The legalization of marijuana will result in additional risks and opportunities for the insurance industry. Insurers and their counsel must adapt to the changes that will be brought about by the Act, including undertaking an analysis of the current insurance policy exclusions and prohibitions. There will also likely be a need for changes to the policy application process, to reflect the increased risk posed by at-home marijuana cultivation.
- From a claims perspective, the expected growth in the number of homeowners cultivating their own marijuana will require insurers to develop an appropriate framework to ensure that claims are being adjusted effectively.
- Given that premiums are impacted by claims experience, compiling data on marijuana-related claims will be critical from an underwriting perspective so that premiums can appropriately reflect the risk posed by the legalization of marijuana.
- Under the new legislation, marijuana cultivation within the allowed restrictions would not fall within the typical criminal act exclusion. Policies will need to be amended accordingly.
- Personal cultivation of marijuana represents an increased risk of direct or indirect damage to property. Consideration should be given to amending standard policy applications to require disclosure of marijuana cultivation at the time of application and at renewal.

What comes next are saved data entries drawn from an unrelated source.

theorem mainTheorem2:
  fixes \<mu> :: "'a::polish_space measure" and I :: "nat set"
    and \<phi> :: "('a \<Rightarrow> complex) \<Rightarrow> (nat \<Rightarrow> complex) \<Rightarrow> (nat \<Rightarrow> complex)"
  assumes "sets \<mu> = sets borel" and "prob_space \<mu>" and "cont_unitary_rep \<mu> I \<phi>"
  shows "\<exists>\<nu>. sets \<nu> = sets borel \<and> finite_measure \<nu> \<and> absolutely_continuous \<mu> \<nu> \<and>
             factors_through \<mu> \<nu> I \<phi> \<and>
             (\<forall>\<nu>'. sets \<nu>' = sets borel \<and> finite_measure \<nu>' \<and> absolutely_continuous \<mu> \<nu>' \<and>
                    factors_through \<mu> \<nu>' I \<phi> \<longrightarrow> absolutely_continuous \<nu>' \<nu>)"
proof -
  note rep = assms(3)
  have fin: "finite_measure \<mu>" using assms(2) by (simp add: prob_space_def)
  then obtain A\<^sub>0 where A\<^sub>0: "rep_trivial_on \<mu> I \<phi> A\<^sub>0"
    and maximal: "\<And>B. rep_trivial_on \<mu> I \<phi> B \<Longrightarrow> B - A\<^sub>0 \<in> null_sets \<mu>"
    using exists_maximal_rep_trivial_on[OF rep] by blast
  have A\<^sub>0_sets: "A\<^sub>0 \<in> sets \<mu>" using A\<^sub>0 by (rule rep_trivial_on_sets)
  define \<nu> where "\<nu> = density \<mu> (indicator (space \<mu> - A\<^sub>0))"
  have "null_sets \<nu> = Collect (rep_trivial_on \<mu> I \<phi>)"
    unfolding \<nu>_def by (rule null_sets_restrict_maximal[OF rep A\<^sub>0 maximal])
  then have "null_sets \<nu>' \<subseteq> null_sets \<nu>" if "sets \<nu>' = sets borel" "factors_through \<mu> \<nu>' I \<phi>" for \<nu>'
    using factors_through_null_sets[OF rep] that assms(1) by simp
  moreover have "sets \<nu> = sets borel" using assms(1) by (simp add: \<nu>_def)
  moreover have "finite_measure \<nu>"
    unfolding \<nu>_def using A\<^sub>0_sets by (intro finite_measure.finite_measure_restricted[OF fin]) auto
  moreover have "absolutely_continuous \<mu> \<nu>"
    unfolding \<nu>_def using A\<^sub>0_sets by (intro absolutely_continuousI_density borel_measurable_indicator) auto
  moreover have "factors_through \<mu> \<nu> I \<phi>"
    unfolding factors_through_def \<nu>_def using cont_unitary_rep_restrict[OF rep A\<^sub>0] by blast
  ultimately show ?thesis unfolding absolutely_continuous_def by blast
qed

end
lemma largest_xi_minimizer_if_equilibrium:
  assumes increasing: "\<And>A1 A2. A1 \<in> P \<Longrightarrow> A2 \<in> P \<Longrightarrow> strictP r A1 A2 \<Longrightarrow> \<nu> A1 < \<nu> A2"
    and mono: monotone_cells
    and cell_min: "\<And>A L. A \<in> P \<Longrightarrow> lower_contour rel A L \<Longrightarrow> \<nu> A \<le> \<nu> L"
    and A: "A \<in> P"
  shows "largest_xi_minimizer (residual A) A"
proof -
  have piece: "\<nu> A \<le> \<nu> (L \<inter> D) \<and> (D \<noteq> A \<longrightarrow> \<nu> A < \<nu> (L \<inter> D))"
    if L: "lower_contour rel (residual A) L" and D: "D \<in> P" "L \<inter> D \<noteq> {}" for L D
  proof -
    have "(A, D) \<in> r" "\<nu> D \<le> \<nu> (L \<inter> D)"
      using lower_contour_residual_Int_cell[OF A L D] cell_min D(1) by auto
    then show ?thesis
      using increasing[OF A D(1)] unfolding strictP_def by force
  qed
  have below: "\<nu> A \<le> \<nu> L" if L: "lower_contour rel (residual A) L" for L
    using surplus_nonneg_if_pieces_ge[OF _ disjoint_cells, of L "\<nu> A"] piece[OF L] Union_cells
      surplus_nonneg_iff lower_contour_residual_subset[OF L] by blast
  have strictly_below: "\<nu> A < \<nu> L" if L: "lower_contour rel (residual A) L" and "\<not> L \<subseteq> A" for L
  proof -
    obtain e where e: "e \<in> L" "e \<notin> A"
      using \<open>\<not> L \<subseteq> A\<close> by blast
    then obtain D where D: "D \<in> P" "e \<in> D"
      using Union_cells lower_contour_residual_subset[OF L] by blast
    have "0 < surplus (\<nu> A) L"
      using surplus_pos_if_pieces_ge[OF _ disjoint_cells _ _ D(1)] piece[OF L] piece[OF L D(1)]
        lower_contour_residual_subset[OF L] Union_cells D e by blast
    then show ?thesis
      using surplus_pos_iff lower_contour_residual_subset[OF L] by blast
  qed
  have A_contour: "lower_contour rel (residual A) A"
    using mono A monotone_cells_iff_lower_contour_residual by blast
  have xi_iff: "\<xi> L1 \<le> \<xi> L2 \<longleftrightarrow> \<nu> L1 \<le> \<nu> L2"
    if "lower_contour rel (residual A) L1" "lower_contour rel (residual A) L2" for L1 L2
    using xi_le_xi_iff lower_contour_residual_subset that by blast
  show ?thesis
    unfolding largest_xi_minimizer_def xi_minimizer_def
    using A_contour below strictly_below xi_iff by (meson not_le)
qed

It may take some time for insurers to develop a standard method for the evaluation of the additional risk presented by the home cultivation of marijuana that can be applied somewhat consistently. Insurers should develop a framework to adjust marijuana claims and implement a system to track and evaluate such claims so that they turn the challenges faced by the legalization of marijuana into a profitable opportunity.
 https://www.reuters.com/article/us-canada-marijuana-statistics/canadians-spent-c5-7-billion-on-cannabis-in-2017-statistics-canada-idUSKBN1FE282 (accessed July 4, 2018)
 Bahniwal v. The Mutual Fire Insurance Company of British Columbia, 2016 BCSC 422
 Stewart v. TD General Insurance Company, 2014 ONSC 854 (hereinafter “Stewart”).